(Supplied records begins)

section \<open>Edges versus components\<close>

lemma card_image_le_if_factors:
  assumes "finite A" and "\<And>x y. x \<in> A \<Longrightarrow> y \<in> A \<Longrightarrow> g x = g y \<Longrightarrow> h x = h y"
  shows "card (h ` A) \<le> card (g ` A)"
proof -
  define rep where "rep D = (SOME x. x \<in> A \<and> g x = D)" for D
  have "h ` A \<subseteq> (h \<circ> rep) ` g ` A"
  proof
    fix z assume "z \<in> h ` A"
    then obtain x where x: "x \<in> A" "z = h x" by blast
    have "rep (g x) \<in> A \<and> g (rep (g x)) = g x"
      unfolding rep_def by (rule someI) (use x in blast)
    with x have "z = (h \<circ> rep) (g x)" using assms(2)[of x "rep (g x)"] by simp
    with x(1) show "z \<in> (h \<circ> rep) ` g ` A" by blast
  qed
  then show ?thesis by (rule surj_card_le[rotated]) (use assms(1) in simp)
qed

lemma card_comps_le_insert_edge:
  assumes "finite U"
  shows "card (comp_of U ends S ` U) \<le> card (comp_of U ends (insert e S) ` U) + 1"
proof -
  define p where "p = fst (ends e)"
  \<comment> \<open>among vertices not reaching \<open>p\<close>, the new edge merges no components\<close>
  define U' where "U' = {x \<in> U. \<not> reach ends S p x}"
  have fin': "finite U'" using assms unfolding U'_def by simp
  have "comp_of U ends S ` U \<subseteq> insert (comp_of U ends S p) (comp_of U ends S ` U')"
  proof
    fix C assume "C \<in> comp_of U ends S ` U"
    then obtain x where x: "x \<in> U" "C = comp_of U ends S x" by blast
    show "C \<in> insert (comp_of U ends S p) (comp_of U ends S ` U')"
    proof (cases "reach ends S p x")
      case True
      with x show ?thesis using comp_of_eq[OF True] by simp
    next
      case False
      with x show ?thesis unfolding U'_def by blast
    qed
  qed
  then have "card (comp_of U ends S ` U) \<le> card (insert (comp_of U ends S p) (comp_of U ends S ` U'))"
    by (rule card_mono[rotated]) (use fin' in simp)
  also have "\<dots> \<le> card (comp_of U ends S ` U') + 1"
    by (simp add: card_insert_if fin')
  also have "card (comp_of U ends S ` U') \<le> card (comp_of U ends (insert e S) ` U')"
  proof (rule card_image_le_if_factors)
    fix x y assume xy: "x \<in> U'" "y \<in> U'"
      and "comp_of U ends (insert e S) x = comp_of U ends (insert e S) y"
    then have "y \<in> comp_of U ends (insert e S) x"
      using comp_of_self[of y U] unfolding U'_def by simp
    then have "reach ends (insert e S) x y" by (simp add: comp_of_def)
    have S0: "insert e S - {e} \<subseteq> S" by blast
    have "\<not> reach ends (insert e S - {e}) x p" "\<not> reach ends (insert e S - {e}) p y"
      using xy unfolding U'_def by (metis (mono_tags) mem_Collect_eq reach_mono[OF S0] reach_sym)+
    with reach_remove_edge[OF \<open>reach ends (insert e S) x y\<close>, of e p "snd (ends e)"]
    have "reach ends S x y" unfolding p_def using reach_mono[OF S0] by auto
    then show "comp_of U ends S x = comp_of U ends S y" by (rule comp_of_eq)
  qed (rule fin')
  also have "card (comp_of U ends (insert e S) ` U') \<le> card (comp_of U ends (insert e S) ` U)"
    by (rule card_mono) (use assms U'_def in auto)
  finally show ?thesis by simp
qed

(Supplied records ends)

Return each line of the data exactly as written above.

section \<open>Edges versus components\<close>

lemma card_image_le_if_factors:
  assumes "finite A" and "\<And>x y. x \<in> A \<Longrightarrow> y \<in> A \<Longrightarrow> g x = g y \<Longrightarrow> h x = h y"
  shows "card (h ` A) \<le> card (g ` A)"
proof -
  define rep where "rep D = (SOME x. x \<in> A \<and> g x = D)" for D
  have "h ` A \<subseteq> (h \<circ> rep) ` g ` A"
  proof
    fix z assume "z \<in> h ` A"
    then obtain x where x: "x \<in> A" "z = h x" by blast
    have "rep (g x) \<in> A \<and> g (rep (g x)) = g x"
      unfolding rep_def by (rule someI) (use x in blast)
    with x have "z = (h \<circ> rep) (g x)" using assms(2)[of x "rep (g x)"] by simp
    with x(1) show "z \<in> (h \<circ> rep) ` g ` A" by blast
  qed
  then show ?thesis by (rule surj_card_le[rotated]) (use assms(1) in simp)
qed

lemma card_comps_le_insert_edge:
  assumes "finite U"
  shows "card (comp_of U ends S ` U) \<le> card (comp_of U ends (insert e S) ` U) + 1"
proof -
  define p where "p = fst (ends e)"
  \<comment> \<open>among vertices not reaching \<open>p\<close>, the new edge merges no components\<close>
  define U' where "U' = {x \<in> U. \<not> reach ends S p x}"
  have fin': "finite U'" using assms unfolding U'_def by simp
  have "comp_of U ends S ` U \<subseteq> insert (comp_of U ends S p) (comp_of U ends S ` U')"
  proof
    fix C assume "C \<in> comp_of U ends S ` U"
    then obtain x where x: "x \<in> U" "C = comp_of U ends S x" by blast
    show "C \<in> insert (comp_of U ends S p) (comp_of U ends S ` U')"
    proof (cases "reach ends S p x")
      case True
      with x show ?thesis using comp_of_eq[OF True] by simp
    next
      case False
      with x show ?thesis unfolding U'_def by blast
    qed
  qed
  then have "card (comp_of U ends S ` U) \<le> card (insert (comp_of U ends S p) (comp_of U ends S ` U'))"
    by (rule card_mono[rotated]) (use fin' in simp)
  also have "\<dots> \<le> card (comp_of U ends S ` U') + 1"
    by (simp add: card_insert_if fin')
  also have "card (comp_of U ends S ` U') \<le> card (comp_of U ends (insert e S) ` U')"
  proof (rule card_image_le_if_factors)
    fix x y assume xy: "x \<in> U'" "y \<in> U'"
      and "comp_of U ends (insert e S) x = comp_of U ends (insert e S) y"
    then have "y \<in> comp_of U ends (insert e S) x"
      using comp_of_self[of y U] unfolding U'_def by simp
    then have "reach ends (insert e S) x y" by (simp add: comp_of_def)
    have S0: "insert e S - {e} \<subseteq> S" by blast
    have "\<not> reach ends (insert e S - {e}) x p" "\<not> reach ends (insert e S - {e}) p y"
      using xy unfolding U'_def by (metis (mono_tags) mem_Collect_eq reach_mono[OF S0] reach_sym)+
    with reach_remove_edge[OF \<open>reach ends (insert e S) x y\<close>, of e p "snd (ends e)"]
    have "reach ends S x y" unfolding p_def using reach_mono[OF S0] by auto
    then show "comp_of U ends S x = comp_of U ends S y" by (rule comp_of_eq)
  qed (rule fin')
  also have "card (comp_of U ends (insert e S) ` U') \<le> card (comp_of U ends (insert e S) ` U)"
    by (rule card_mono) (use assms U'_def in auto)
  finally show ?thesis by simp
qed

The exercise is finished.